__Dataset extract__:
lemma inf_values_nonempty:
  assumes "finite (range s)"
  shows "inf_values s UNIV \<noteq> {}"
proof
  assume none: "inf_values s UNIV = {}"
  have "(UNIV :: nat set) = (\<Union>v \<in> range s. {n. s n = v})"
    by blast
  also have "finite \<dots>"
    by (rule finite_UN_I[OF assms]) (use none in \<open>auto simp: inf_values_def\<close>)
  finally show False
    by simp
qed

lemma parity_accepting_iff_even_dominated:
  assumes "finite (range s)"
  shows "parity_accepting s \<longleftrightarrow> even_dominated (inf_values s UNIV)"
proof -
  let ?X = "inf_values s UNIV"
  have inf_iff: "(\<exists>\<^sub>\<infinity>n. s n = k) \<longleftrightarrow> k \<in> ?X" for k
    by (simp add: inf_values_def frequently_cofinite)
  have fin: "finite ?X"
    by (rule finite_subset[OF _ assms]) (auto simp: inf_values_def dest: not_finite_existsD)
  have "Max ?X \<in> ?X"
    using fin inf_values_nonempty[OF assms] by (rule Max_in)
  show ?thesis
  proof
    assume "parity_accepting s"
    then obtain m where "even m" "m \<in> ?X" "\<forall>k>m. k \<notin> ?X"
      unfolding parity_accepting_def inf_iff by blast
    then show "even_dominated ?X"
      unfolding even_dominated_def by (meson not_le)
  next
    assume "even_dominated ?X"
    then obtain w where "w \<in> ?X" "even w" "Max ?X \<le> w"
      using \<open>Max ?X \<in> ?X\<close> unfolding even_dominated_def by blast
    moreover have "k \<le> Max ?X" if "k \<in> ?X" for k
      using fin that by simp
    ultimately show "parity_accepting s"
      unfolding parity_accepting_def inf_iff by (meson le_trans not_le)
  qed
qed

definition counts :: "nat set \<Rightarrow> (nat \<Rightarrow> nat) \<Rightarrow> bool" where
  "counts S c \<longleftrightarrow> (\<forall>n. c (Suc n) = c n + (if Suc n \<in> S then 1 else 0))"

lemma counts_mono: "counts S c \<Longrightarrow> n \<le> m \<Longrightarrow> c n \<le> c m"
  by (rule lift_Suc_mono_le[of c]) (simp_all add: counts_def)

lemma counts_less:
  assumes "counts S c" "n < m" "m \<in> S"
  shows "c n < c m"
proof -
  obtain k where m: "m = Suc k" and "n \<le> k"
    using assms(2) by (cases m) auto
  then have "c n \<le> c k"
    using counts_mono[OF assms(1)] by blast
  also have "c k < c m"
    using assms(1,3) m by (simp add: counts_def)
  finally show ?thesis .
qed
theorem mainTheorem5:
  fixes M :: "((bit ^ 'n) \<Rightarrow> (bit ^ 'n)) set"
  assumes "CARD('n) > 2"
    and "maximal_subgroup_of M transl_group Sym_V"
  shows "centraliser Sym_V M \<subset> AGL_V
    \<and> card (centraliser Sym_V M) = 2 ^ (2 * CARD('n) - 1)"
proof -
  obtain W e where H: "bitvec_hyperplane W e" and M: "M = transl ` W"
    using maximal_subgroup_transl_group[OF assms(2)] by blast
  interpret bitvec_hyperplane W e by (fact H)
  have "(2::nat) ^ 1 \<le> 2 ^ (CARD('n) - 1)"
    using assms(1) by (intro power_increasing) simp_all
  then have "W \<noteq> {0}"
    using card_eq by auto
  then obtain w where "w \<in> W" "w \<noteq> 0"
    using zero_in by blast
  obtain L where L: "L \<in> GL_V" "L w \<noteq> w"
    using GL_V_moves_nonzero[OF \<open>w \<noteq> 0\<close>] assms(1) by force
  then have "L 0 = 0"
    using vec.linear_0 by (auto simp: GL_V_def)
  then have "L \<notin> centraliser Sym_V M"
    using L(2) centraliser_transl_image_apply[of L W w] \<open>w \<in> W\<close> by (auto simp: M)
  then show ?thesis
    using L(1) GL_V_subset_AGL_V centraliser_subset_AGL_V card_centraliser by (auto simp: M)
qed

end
* * *
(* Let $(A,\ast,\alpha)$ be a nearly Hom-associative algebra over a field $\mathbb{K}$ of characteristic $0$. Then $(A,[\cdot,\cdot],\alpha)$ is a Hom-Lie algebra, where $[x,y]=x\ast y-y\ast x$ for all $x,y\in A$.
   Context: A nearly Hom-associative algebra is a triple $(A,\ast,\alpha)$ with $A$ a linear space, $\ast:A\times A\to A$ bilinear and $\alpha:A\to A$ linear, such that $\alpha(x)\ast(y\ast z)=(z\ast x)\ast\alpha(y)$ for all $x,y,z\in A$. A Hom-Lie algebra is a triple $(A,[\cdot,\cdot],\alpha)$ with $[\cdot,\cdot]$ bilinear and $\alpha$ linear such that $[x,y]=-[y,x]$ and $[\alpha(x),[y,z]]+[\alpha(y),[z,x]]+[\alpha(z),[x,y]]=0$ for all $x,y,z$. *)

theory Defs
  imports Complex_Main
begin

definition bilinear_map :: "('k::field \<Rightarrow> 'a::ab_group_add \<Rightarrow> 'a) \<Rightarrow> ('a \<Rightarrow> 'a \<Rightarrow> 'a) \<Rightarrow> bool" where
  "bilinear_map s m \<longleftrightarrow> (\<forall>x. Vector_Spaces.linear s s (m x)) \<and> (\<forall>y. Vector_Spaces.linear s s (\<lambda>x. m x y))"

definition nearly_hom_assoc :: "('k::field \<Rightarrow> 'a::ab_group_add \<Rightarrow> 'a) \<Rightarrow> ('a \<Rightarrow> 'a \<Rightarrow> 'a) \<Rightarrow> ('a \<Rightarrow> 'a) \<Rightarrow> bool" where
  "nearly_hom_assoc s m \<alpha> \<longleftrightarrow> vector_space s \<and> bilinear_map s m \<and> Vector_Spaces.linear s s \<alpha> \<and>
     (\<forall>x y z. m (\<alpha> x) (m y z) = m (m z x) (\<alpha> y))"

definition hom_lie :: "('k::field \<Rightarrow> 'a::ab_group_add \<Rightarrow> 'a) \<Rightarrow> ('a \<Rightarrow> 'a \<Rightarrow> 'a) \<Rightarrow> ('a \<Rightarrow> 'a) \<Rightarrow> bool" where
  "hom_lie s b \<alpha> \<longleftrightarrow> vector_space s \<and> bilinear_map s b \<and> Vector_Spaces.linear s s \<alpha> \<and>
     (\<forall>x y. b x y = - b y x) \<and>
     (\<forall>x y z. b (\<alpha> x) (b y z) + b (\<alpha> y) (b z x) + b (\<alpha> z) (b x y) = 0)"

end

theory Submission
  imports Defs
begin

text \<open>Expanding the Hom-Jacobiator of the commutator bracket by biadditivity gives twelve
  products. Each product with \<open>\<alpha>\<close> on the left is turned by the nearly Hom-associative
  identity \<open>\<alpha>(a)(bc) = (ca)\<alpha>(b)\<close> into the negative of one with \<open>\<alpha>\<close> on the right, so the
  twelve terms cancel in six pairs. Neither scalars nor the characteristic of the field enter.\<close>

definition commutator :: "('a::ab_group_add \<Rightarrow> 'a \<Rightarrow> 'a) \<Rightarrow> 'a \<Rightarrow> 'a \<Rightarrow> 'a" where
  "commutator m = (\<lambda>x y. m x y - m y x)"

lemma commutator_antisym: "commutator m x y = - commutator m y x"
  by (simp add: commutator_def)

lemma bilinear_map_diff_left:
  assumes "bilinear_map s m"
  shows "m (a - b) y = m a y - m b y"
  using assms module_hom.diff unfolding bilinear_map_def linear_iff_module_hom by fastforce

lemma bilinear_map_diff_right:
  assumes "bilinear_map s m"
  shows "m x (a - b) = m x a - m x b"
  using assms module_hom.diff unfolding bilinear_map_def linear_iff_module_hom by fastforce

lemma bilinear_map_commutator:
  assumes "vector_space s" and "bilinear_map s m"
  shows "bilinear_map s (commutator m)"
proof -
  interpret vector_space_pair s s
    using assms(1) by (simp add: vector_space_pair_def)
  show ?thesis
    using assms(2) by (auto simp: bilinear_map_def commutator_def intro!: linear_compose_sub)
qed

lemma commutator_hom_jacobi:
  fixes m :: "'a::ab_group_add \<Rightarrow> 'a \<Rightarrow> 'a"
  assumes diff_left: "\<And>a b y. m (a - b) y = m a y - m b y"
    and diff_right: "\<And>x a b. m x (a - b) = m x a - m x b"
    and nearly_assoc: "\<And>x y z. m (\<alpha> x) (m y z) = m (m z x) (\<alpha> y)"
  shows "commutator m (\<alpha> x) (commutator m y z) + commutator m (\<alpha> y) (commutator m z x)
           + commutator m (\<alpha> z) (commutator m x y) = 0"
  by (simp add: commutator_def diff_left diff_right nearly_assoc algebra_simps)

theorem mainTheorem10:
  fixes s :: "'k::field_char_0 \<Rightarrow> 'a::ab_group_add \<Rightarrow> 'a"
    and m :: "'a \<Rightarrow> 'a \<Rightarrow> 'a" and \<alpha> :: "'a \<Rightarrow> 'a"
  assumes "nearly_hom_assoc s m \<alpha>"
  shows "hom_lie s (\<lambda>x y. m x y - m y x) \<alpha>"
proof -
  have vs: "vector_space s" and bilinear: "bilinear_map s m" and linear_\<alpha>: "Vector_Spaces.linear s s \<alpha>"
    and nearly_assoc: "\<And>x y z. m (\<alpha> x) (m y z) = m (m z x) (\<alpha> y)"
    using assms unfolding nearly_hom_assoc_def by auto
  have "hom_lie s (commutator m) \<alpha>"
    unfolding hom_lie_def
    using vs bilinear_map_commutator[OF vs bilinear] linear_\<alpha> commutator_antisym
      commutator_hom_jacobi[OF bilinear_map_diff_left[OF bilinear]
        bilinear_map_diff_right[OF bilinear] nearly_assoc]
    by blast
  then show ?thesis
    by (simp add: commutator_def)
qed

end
--
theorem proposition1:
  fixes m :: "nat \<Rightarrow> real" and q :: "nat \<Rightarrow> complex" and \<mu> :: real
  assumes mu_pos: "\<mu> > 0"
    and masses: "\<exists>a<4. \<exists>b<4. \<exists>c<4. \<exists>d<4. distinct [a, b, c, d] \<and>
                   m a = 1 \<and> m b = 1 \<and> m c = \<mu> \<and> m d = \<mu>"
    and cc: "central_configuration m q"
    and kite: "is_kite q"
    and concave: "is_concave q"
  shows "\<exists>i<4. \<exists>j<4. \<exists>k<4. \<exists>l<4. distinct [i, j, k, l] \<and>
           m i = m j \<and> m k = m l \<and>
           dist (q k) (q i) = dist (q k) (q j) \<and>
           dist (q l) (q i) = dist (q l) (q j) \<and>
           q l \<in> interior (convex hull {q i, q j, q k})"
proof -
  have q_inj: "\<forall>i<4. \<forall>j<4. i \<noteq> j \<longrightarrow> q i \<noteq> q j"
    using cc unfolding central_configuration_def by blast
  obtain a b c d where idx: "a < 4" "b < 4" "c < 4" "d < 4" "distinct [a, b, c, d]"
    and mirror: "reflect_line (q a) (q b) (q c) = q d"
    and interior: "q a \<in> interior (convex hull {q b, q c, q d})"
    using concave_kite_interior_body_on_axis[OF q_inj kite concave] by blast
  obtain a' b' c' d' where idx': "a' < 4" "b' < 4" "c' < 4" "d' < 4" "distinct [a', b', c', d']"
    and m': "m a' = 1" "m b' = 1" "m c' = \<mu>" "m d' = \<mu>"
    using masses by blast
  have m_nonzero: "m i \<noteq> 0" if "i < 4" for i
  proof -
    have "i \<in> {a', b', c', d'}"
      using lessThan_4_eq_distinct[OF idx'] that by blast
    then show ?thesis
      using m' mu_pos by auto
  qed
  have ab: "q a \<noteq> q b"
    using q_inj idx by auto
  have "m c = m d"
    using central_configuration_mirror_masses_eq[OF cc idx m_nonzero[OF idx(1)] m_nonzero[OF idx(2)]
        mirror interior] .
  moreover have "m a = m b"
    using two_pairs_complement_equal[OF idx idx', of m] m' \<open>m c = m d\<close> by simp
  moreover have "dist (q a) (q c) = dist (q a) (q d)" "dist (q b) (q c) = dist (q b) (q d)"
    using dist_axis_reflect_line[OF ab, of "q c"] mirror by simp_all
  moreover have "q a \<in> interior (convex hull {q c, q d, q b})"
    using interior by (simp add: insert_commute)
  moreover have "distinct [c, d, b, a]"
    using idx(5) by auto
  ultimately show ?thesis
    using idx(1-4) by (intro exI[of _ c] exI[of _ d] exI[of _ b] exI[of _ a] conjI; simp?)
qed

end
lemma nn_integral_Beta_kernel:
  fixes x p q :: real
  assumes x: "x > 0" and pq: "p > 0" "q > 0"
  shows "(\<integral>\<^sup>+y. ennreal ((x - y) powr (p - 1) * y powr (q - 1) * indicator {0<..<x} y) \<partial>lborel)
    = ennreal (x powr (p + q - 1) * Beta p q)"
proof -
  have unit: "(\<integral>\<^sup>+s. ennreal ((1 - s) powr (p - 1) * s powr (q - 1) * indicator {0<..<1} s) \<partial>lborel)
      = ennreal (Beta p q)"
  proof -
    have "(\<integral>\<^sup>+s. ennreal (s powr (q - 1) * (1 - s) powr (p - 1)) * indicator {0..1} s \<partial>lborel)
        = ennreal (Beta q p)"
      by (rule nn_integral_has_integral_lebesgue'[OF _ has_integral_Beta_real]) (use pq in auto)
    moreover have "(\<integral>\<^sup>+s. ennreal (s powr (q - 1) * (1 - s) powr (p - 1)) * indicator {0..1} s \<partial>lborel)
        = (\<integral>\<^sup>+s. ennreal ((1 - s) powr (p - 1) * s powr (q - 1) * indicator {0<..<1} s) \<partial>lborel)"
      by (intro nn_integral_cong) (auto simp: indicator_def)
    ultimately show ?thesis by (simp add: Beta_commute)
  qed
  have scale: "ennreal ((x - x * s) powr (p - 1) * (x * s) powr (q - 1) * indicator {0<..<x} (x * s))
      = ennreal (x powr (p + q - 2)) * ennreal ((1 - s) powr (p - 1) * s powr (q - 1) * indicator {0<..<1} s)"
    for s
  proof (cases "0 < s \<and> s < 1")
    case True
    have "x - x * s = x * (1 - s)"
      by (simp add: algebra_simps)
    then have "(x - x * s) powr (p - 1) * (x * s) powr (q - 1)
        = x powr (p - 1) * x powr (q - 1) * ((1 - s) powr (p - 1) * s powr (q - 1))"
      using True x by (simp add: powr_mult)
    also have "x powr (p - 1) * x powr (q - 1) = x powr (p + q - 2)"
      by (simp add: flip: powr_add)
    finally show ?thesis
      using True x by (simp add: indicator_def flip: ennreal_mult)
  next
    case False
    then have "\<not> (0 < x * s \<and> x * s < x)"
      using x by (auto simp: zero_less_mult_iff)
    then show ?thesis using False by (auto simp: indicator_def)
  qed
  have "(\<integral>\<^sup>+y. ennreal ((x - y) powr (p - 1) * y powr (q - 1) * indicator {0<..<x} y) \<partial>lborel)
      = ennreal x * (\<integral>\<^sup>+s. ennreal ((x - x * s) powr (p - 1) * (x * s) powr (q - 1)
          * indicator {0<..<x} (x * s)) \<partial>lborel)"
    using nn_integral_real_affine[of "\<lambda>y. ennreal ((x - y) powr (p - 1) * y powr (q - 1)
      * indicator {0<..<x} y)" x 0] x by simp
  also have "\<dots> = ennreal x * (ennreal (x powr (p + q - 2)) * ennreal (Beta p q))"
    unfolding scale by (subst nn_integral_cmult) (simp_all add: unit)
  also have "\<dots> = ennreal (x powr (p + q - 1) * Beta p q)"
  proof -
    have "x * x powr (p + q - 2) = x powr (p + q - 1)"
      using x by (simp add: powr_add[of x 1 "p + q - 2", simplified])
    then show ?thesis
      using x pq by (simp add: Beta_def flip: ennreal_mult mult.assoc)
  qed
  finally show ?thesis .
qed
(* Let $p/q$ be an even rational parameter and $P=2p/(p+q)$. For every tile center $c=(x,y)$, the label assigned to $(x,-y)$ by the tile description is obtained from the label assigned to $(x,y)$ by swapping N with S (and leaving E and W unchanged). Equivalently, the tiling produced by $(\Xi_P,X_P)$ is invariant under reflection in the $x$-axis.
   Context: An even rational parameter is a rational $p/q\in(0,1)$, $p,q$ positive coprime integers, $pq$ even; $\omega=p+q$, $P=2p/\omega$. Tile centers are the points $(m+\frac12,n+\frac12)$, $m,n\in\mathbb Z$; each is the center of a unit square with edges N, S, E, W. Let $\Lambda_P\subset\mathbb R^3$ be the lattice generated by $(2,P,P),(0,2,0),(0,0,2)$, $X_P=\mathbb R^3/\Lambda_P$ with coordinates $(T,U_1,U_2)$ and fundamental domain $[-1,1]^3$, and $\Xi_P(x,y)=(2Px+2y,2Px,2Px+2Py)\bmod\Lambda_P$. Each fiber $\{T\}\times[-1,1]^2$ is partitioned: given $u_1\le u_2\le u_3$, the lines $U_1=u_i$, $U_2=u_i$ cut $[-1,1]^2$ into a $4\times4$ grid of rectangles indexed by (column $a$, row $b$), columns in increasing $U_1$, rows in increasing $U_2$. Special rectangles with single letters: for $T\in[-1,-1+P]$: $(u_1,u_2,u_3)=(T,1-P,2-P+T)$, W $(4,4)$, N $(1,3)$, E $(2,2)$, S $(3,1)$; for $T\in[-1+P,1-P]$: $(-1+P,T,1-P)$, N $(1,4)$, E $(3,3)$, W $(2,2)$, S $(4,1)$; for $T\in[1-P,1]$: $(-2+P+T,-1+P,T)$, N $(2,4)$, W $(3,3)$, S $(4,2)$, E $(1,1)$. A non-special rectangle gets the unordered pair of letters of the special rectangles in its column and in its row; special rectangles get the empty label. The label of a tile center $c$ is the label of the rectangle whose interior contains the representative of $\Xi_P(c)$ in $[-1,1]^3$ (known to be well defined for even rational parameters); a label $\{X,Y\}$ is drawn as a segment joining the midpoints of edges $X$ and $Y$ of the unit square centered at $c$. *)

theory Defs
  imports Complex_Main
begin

__What the task asks__:
Please give, as a single number with nothing added, the count of lines in the records that contain the word "theorem".

__Result of the exercise__:
3